§ **Extracted information**
- - -

(* Let $P=(p_1,\dots,p_n)$ be points in $\mathbb{R}^d$, $\mathcal{F}$ a constraint for $k$-CMeans, and $\mathcal{C}=\{c_1,\dots,c_k\}\subset\mathbb{R}^d$ with $\omega=\frac1n\sum_{i=1}^n\min_{c\in\mathcal{C}}\|p_i-c\|^2$. For each $i$ let $\tilde p_i$ be a point of $\mathcal{C}$ nearest to $p_i$, and let $\tilde P=(\tilde p_1,\dots,\tilde p_n)$. Let $\delta^2_{opt}$ and $\tilde\delta^2_{opt}$ be the optimal $k$-CMeans values of $P$ and $\tilde P$ (with the same $\mathcal{F}$), and let $\delta^2_{opt}([\mathcal{C}]^k)=\min_{(S_j)\in\mathcal{F}}\min_{(q_1,\dots,q_k)\in\mathcal{C}^k}\frac1n\sum_j\sum_{i\in S_j}\|p_i-q_j\|^2$. Then $\tilde\delta^2_{opt}\le 2\omega+2\delta^2_{opt}$ and $\delta^2_{opt}([\mathcal{C}]^k)\le 2\omega+8\tilde\delta^2_{opt}$.
   Context: A constraint for $k$-CMeans is a nonempty family $\mathcal{F}$ of ordered partitions $(S_1,\dots,S_k)$ of $\{1,\dots,n\}$ into $k$ parts. For a sequence $X=(x_1,\dots,x_n)$ its optimal $k$-CMeans value is $\min_{(S_j)\in\mathcal{F}}\min_{c'_1,\dots,c'_k\in\mathbb{R}^d}\frac1n\sum_j\sum_{i\in S_j}\|x_i-c'_j\|^2$. *)

theory Defs
  imports "HOL-Analysis.Analysis"
begin

definition ordered_partition :: "nat \<Rightarrow> nat \<Rightarrow> (nat \<Rightarrow> nat set) \<Rightarrow> bool" where
  "ordered_partition n k S \<longleftrightarrow>
     (\<Union>j\<in>{1..k}. S j) = {1..n} \<and>
     (\<forall>j\<in>{1..k}. \<forall>j'\<in>{1..k}. j \<noteq> j' \<longrightarrow> S j \<inter> S j' = {}) \<and>
     (\<forall>j. j \<notin> {1..k} \<longrightarrow> S j = {})"

definition cmeans_constraint :: "nat \<Rightarrow> nat \<Rightarrow> (nat \<Rightarrow> nat set) set \<Rightarrow> bool" where
  "cmeans_constraint n k F \<longleftrightarrow> F \<noteq> {} \<and> (\<forall>S\<in>F. ordered_partition n k S)"

definition cmeans_cost :: "nat \<Rightarrow> nat \<Rightarrow> (nat \<Rightarrow> 'a::euclidean_space) \<Rightarrow> (nat \<Rightarrow> nat set) \<Rightarrow> (nat \<Rightarrow> 'a) \<Rightarrow> real" where
  "cmeans_cost n k X S c = (1 / real n) * (\<Sum>j=1..k. \<Sum>i\<in>S j. (norm (X i - c j))\<^sup>2)"

definition opt_cmeans :: "nat \<Rightarrow> nat \<Rightarrow> (nat \<Rightarrow> nat set) set \<Rightarrow> (nat \<Rightarrow> 'a::euclidean_space) \<Rightarrow> real" where
  "opt_cmeans n k F X = (INF S\<in>F. INF c. cmeans_cost n k X S c)"

definition opt_cmeans_in :: "nat \<Rightarrow> nat \<Rightarrow> (nat \<Rightarrow> nat set) set \<Rightarrow> (nat \<Rightarrow> 'a::euclidean_space) \<Rightarrow> 'a set \<Rightarrow> real" where
  "opt_cmeans_in n k F X C = (INF S\<in>F. INF q\<in>{q. \<forall>j\<in>{1..k}. q j \<in> C}. cmeans_cost n k X S q)"

end

theory Submission
  imports Defs
begin

text \<open>Moving each point \<open>p\<^sub>i\<close> to its nearest centre \<open>pt\<^sub>i\<close> costs \<open>\<omega>\<close> on average, so by
  \<open>\<parallel>x - z\<parallel>\<^sup>2 \<le> 2\<parallel>x - y\<parallel>\<^sup>2 + 2\<parallel>y - z\<parallel>\<^sup>2\<close> any clustering costs at most \<open>2\<omega>\<close> plus twice its cost
  for the other sequence. For the second bound, snap each centre \<open>d\<^sub>j\<close> of a clustering of the
  \<open>pt\<^sub>i\<close> to a nearest point \<open>q\<^sub>j\<close> of \<open>C\<close>; as \<open>pt\<^sub>i \<in> C\<close>, \<open>\<parallel>d\<^sub>j - q\<^sub>j\<parallel> \<le> \<parallel>d\<^sub>j - pt\<^sub>i\<parallel>\<close>, hence
  \<open>\<parallel>p\<^sub>i - q\<^sub>j\<parallel> \<le> \<parallel>p\<^sub>i - pt\<^sub>i\<parallel> + 2\<parallel>pt\<^sub>i - d\<^sub>j\<parallel>\<close>, and squaring gives the constants 2 and 8.\<close>

lemma ordered_partition_part_subset:
  assumes "ordered_partition n k S"
  shows "S j \<subseteq> {1..n}"
  using assms unfolding ordered_partition_def by (cases "j \<in> {1..k}") auto

lemma sum_ordered_partition:
  assumes "ordered_partition n k S"
  shows "(\<Sum>j=1..k. \<Sum>i\<in>S j. f i) = (\<Sum>i=1..n. f i)"
proof -
  have parts: "(\<Union>j\<in>{1..k}. S j) = {1..n}"
    and disj: "\<forall>j\<in>{1..k}. \<forall>j'\<in>{1..k}. j \<noteq> j' \<longrightarrow> S j \<inter> S j' = {}"
    using assms unfolding ordered_partition_def by auto
  have "\<forall>j\<in>{1..k}. finite (S j)"
    using ordered_partition_part_subset[OF assms] by (meson finite_atLeastAtMost finite_subset)
  then have "sum f (\<Union>j\<in>{1..k}. S j) = (\<Sum>j=1..k. sum f (S j))"
    using disj by (intro sum.UNION_disjoint) auto
  then show ?thesis
    using parts by simp
qed

lemma cmeans_cost_nonneg: "cmeans_cost n k X S d \<ge> 0"
  unfolding cmeans_cost_def by (intro mult_nonneg_nonneg sum_nonneg) auto

lemma norm_diff_sq_le:
  fixes x y z :: "'a::real_normed_vector"
  shows "(norm (x - z))\<^sup>2 \<le> 2 * (norm (x - y))\<^sup>2 + 2 * (norm (y - z))\<^sup>2"
proof -
  have "norm (x - z) \<le> norm (x - y) + norm (y - z)"
    using norm_triangle_ineq[of "x - y" "y - z"] by simp
  then have "(norm (x - z))\<^sup>2 \<le> (norm (x - y) + norm (y - z))\<^sup>2"
    by (simp add: power_mono)
  also have "\<dots> \<le> 2 * (norm (x - y))\<^sup>2 + 2 * (norm (y - z))\<^sup>2"
    using zero_le_power2[of "norm (x - y) - norm (y - z)"] by (simp add: power2_eq_square algebra_simps)
  finally show ?thesis .
qed

lemma norm_diff_sq_le_nearer:
  fixes p q t d :: "'a::real_normed_vector"
  assumes "norm (d - q) \<le> norm (d - t)"
  shows "(norm (p - q))\<^sup>2 \<le> 2 * (norm (p - t))\<^sup>2 + 8 * (norm (t - d))\<^sup>2"
proof -
  have "norm (p - q) \<le> norm (p - t) + norm (t - d) + norm (d - q)"
    using norm_triangle_ineq[of "p - t" "t - d"] norm_triangle_ineq[of "p - d" "d - q"] by simp
  also have "norm (d - q) \<le> norm (t - d)"
    using assms by (simp add: norm_minus_commute)
  finally have "(norm (p - q))\<^sup>2 \<le> (norm (p - t) + 2 * norm (t - d))\<^sup>2"
    by (simp add: power_mono)
  also have "\<dots> \<le> 2 * (norm (p - t))\<^sup>2 + 8 * (norm (t - d))\<^sup>2"
    using zero_le_power2[of "norm (p - t) - 2 * norm (t - d)"] by (simp add: power2_eq_square algebra_simps)
  finally show ?thesis .
qed

lemma cmeans_cost_le_pointwise:
  assumes "ordered_partition n k S"
    and "\<And>j i. j \<in> {1..k} \<Longrightarrow> i \<in> S j \<Longrightarrow>
           (norm (X i - d j))\<^sup>2 \<le> a * (norm (X i - Y i))\<^sup>2 + b * (norm (Y i - e j))\<^sup>2"
  shows "cmeans_cost n k X S d
           \<le> a * ((1 / real n) * (\<Sum>i=1..n. (norm (X i - Y i))\<^sup>2)) + b * cmeans_cost n k Y S e"
proof -
  have "(\<Sum>j=1..k. \<Sum>i\<in>S j. (norm (X i - d j))\<^sup>2)
        \<le> (\<Sum>j=1..k. \<Sum>i\<in>S j. a * (norm (X i - Y i))\<^sup>2 + b * (norm (Y i - e j))\<^sup>2)"
    using assms(2) by (intro sum_mono) auto
  also have "\<dots> = a * (\<Sum>j=1..k. \<Sum>i\<in>S j. (norm (X i - Y i))\<^sup>2) + b * (\<Sum>j=1..k. \<Sum>i\<in>S j. (norm (Y i - e j))\<^sup>2)"
    by (simp add: sum.distrib sum_distrib_left)
  also have "\<dots> = a * (\<Sum>i=1..n. (norm (X i - Y i))\<^sup>2) + b * (\<Sum>j=1..k. \<Sum>i\<in>S j. (norm (Y i - e j))\<^sup>2)"
    by (simp only: sum_ordered_partition[OF assms(1)])
  finally have "(\<Sum>j=1..k. \<Sum>i\<in>S j. (norm (X i - d j))\<^sup>2) / real n
      \<le> (a * (\<Sum>i=1..n. (norm (X i - Y i))\<^sup>2) + b * (\<Sum>j=1..k. \<Sum>i\<in>S j. (norm (Y i - e j))\<^sup>2)) / real n"
    by (rule divide_right_mono) simp
  then show ?thesis
    unfolding cmeans_cost_def by (simp add: add_divide_distrib)
qed

lemma opt_cmeans_in_le_cost:
  assumes "S \<in> F" and "\<forall>j\<in>{1..k}. q j \<in> C"
  shows "opt_cmeans_in n k F X C \<le> cmeans_cost n k X S q"
proof -
  have bdd: "bdd_below ((\<lambda>q. cmeans_cost n k X S q) ` Q)" for S and Q :: "(nat \<Rightarrow> 'a) set"
    by (rule bdd_belowI[where m = 0]) (auto simp: cmeans_cost_nonneg)
  have "opt_cmeans_in n k F X C \<le> (INF q\<in>{q. \<forall>j\<in>{1..k}. q j \<in> C}. cmeans_cost n k X S q)"
    unfolding opt_cmeans_in_def using assms
    by (intro cINF_lower bdd_belowI[where m = 0]) (auto intro!: cINF_greatest simp: cmeans_cost_nonneg)
  also have "\<dots> \<le> cmeans_cost n k X S q"
    using assms(2) by (intro cINF_lower bdd) auto
  finally show ?thesis .
qed

lemma opt_cmeans_le_cost:
  assumes "S \<in> F"
  shows "opt_cmeans n k F X \<le> cmeans_cost n k X S d"
  using opt_cmeans_in_le_cost[OF assms, of k d UNIV] unfolding opt_cmeans_def opt_cmeans_in_def by simp

lemma le_affine_opt_cmeans:
  assumes "F \<noteq> {}" and "b > 0"
    and "\<And>S d. S \<in> F \<Longrightarrow> v \<le> a + b * cmeans_cost n k X S d"
  shows "v \<le> a + b * opt_cmeans n k F X"
proof -
  have "(v - a) / b \<le> opt_cmeans n k F X"
    unfolding opt_cmeans_def using assms
    by (intro cINF_greatest) (auto simp: pos_divide_le_eq algebra_simps)
  then show ?thesis
    using assms(2) by (simp add: pos_divide_le_eq algebra_simps)
qed

lemma Min_norm_diff_sq_nearest:
  assumes "finite C" and "y \<in> C" and "\<forall>x\<in>C. norm (p - y) \<le> norm (p - x)"
  shows "Min ((\<lambda>x. (norm (p - x))\<^sup>2) ` C) = (norm (p - y))\<^sup>2"
  using assms by (intro Min_eqI) (auto simp: power_mono)

lemma cmeans_cost_le_displaced:
  assumes "ordered_partition n k S"
  shows "cmeans_cost n k Y S d
           \<le> 2 * ((1 / real n) * (\<Sum>i=1..n. (norm (X i - Y i))\<^sup>2)) + 2 * cmeans_cost n k X S d"
proof -
  have "(norm (Y i - d j))\<^sup>2 \<le> 2 * (norm (Y i - X i))\<^sup>2 + 2 * (norm (X i - d j))\<^sup>2" for i j :: nat
    by (rule norm_diff_sq_le)
  then have "cmeans_cost n k Y S d
      \<le> 2 * ((1 / real n) * (\<Sum>i=1..n. (norm (Y i - X i))\<^sup>2)) + 2 * cmeans_cost n k X S d"
    by (intro cmeans_cost_le_pointwise[OF assms])
  then show ?thesis
    by (simp add: norm_minus_commute)
qed

lemma cmeans_cost_snap_centers:
  fixes X Y e :: "nat \<Rightarrow> 'a::euclidean_space"
  assumes "ordered_partition n k S" and "finite C" and "C \<noteq> {}"
    and "\<And>i. i \<in> {1..n} \<Longrightarrow> Y i \<in> C"
  obtains q where "\<And>j. q j \<in> C"
    and "cmeans_cost n k X S q
           \<le> 2 * ((1 / real n) * (\<Sum>i=1..n. (norm (X i - Y i))\<^sup>2)) + 8 * cmeans_cost n k Y S e"
proof -
  have "\<forall>j. \<exists>x. x \<in> C \<and> (\<forall>y\<in>C. dist (e j) x \<le> dist (e j) y)"
    using assms(2,3) by (metis distance_attains_inf finite_imp_closed)
  then obtain q where "\<forall>j. q j \<in> C \<and> (\<forall>y\<in>C. dist (e j) (q j) \<le> dist (e j) y)"
    by (rule choice[THEN exE])
  then have q: "\<And>j. q j \<in> C" "\<And>j y. y \<in> C \<Longrightarrow> norm (e j - q j) \<le> norm (e j - y)"
    by (auto simp: dist_norm)
  have "(norm (X i - q j))\<^sup>2 \<le> 2 * (norm (X i - Y i))\<^sup>2 + 8 * (norm (Y i - e j))\<^sup>2"
    if "i \<in> S j" for i j
    using ordered_partition_part_subset[OF assms(1)] that assms(4)
    by (intro norm_diff_sq_le_nearer q(2)) blast
  then show ?thesis
    using q(1) by (intro that cmeans_cost_le_pointwise[OF assms(1)])
qed

theorem lemma8:
  fixes P Pt :: "nat \<Rightarrow> 'a::euclidean_space"
    and c :: "nat \<Rightarrow> 'a"
    and n k :: nat
    and F :: "(nat \<Rightarrow> nat set) set"
    and \<omega> :: real
  assumes "n \<ge> 1" and "k \<ge> 1"
    and "cmeans_constraint n k F"
    and "\<omega> = (1 / real n) * (\<Sum>i=1..n. Min ((\<lambda>x. (norm (P i - x))\<^sup>2) ` (c ` {1..k})))"
    and "\<And>i. i \<in> {1..n} \<Longrightarrow> Pt i \<in> c ` {1..k} \<and>
           (\<forall>x\<in>c ` {1..k}. norm (P i - Pt i) \<le> norm (P i - x))"
  shows "opt_cmeans n k F Pt \<le> 2 * \<omega> + 2 * opt_cmeans n k F P \<and>
         opt_cmeans_in n k F P (c ` {1..k}) \<le> 2 * \<omega> + 8 * opt_cmeans n k F Pt"
proof -
  have F: "F \<noteq> {}" "\<And>S. S \<in> F \<Longrightarrow> ordered_partition n k S"
    using assms(3) unfolding cmeans_constraint_def by auto
  have "Min ((\<lambda>x. (norm (P i - x))\<^sup>2) ` c ` {1..k}) = (norm (P i - Pt i))\<^sup>2" if "i \<in> {1..n}" for i
    using assms(5)[OF that] by (intro Min_norm_diff_sq_nearest) auto
  then have \<omega>: "\<omega> = (1 / real n) * (\<Sum>i=1..n. (norm (P i - Pt i))\<^sup>2)"
    using assms(4) by simp
  have "opt_cmeans n k F Pt \<le> 2 * \<omega> + 2 * cmeans_cost n k P S d" if "S \<in> F" for S d
    using opt_cmeans_le_cost[OF that, of n k Pt d] cmeans_cost_le_displaced[OF F(2)[OF that], of Pt d P]
    unfolding \<omega> by linarith
  moreover have "opt_cmeans_in n k F P (c ` {1..k}) \<le> 2 * \<omega> + 8 * cmeans_cost n k Pt S d"
    if S: "S \<in> F" for S d
  proof -
    obtain q where "\<And>j. q j \<in> c ` {1..k}"
      and "cmeans_cost n k P S q \<le> 2 * \<omega> + 8 * cmeans_cost n k Pt S d"
      using cmeans_cost_snap_centers[OF F(2)[OF S], of "c ` {1..k}" Pt P d] assms(2,5)
      unfolding \<omega> by auto
    then show ?thesis
      using opt_cmeans_in_le_cost[OF S] by (meson order_trans)
  qed
  ultimately show ?thesis
    by (auto intro: le_affine_opt_cmeans[OF F(1)])
qed

end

- - -

§ **Action item**
Your reply is to repeat, unchanged, the lines above running from the one with "C = (INF S\<in>F." up to and including the one with "text \<open>Moving each".

§ **Response below**
  "opt_cmeans_in n k F X C = (INF S\<in>F. INF q\<in>{q. \<forall>j\<in>{1..k}. q j \<in> C}. cmeans_cost n k X S q)"

end

theory Submission
  imports Defs
begin

text \<open>Moving each point \<open>p\<^sub>i\<close> to its nearest centre \<open>pt\<^sub>i\<close> costs \<open>\<omega>\<close> on average, so by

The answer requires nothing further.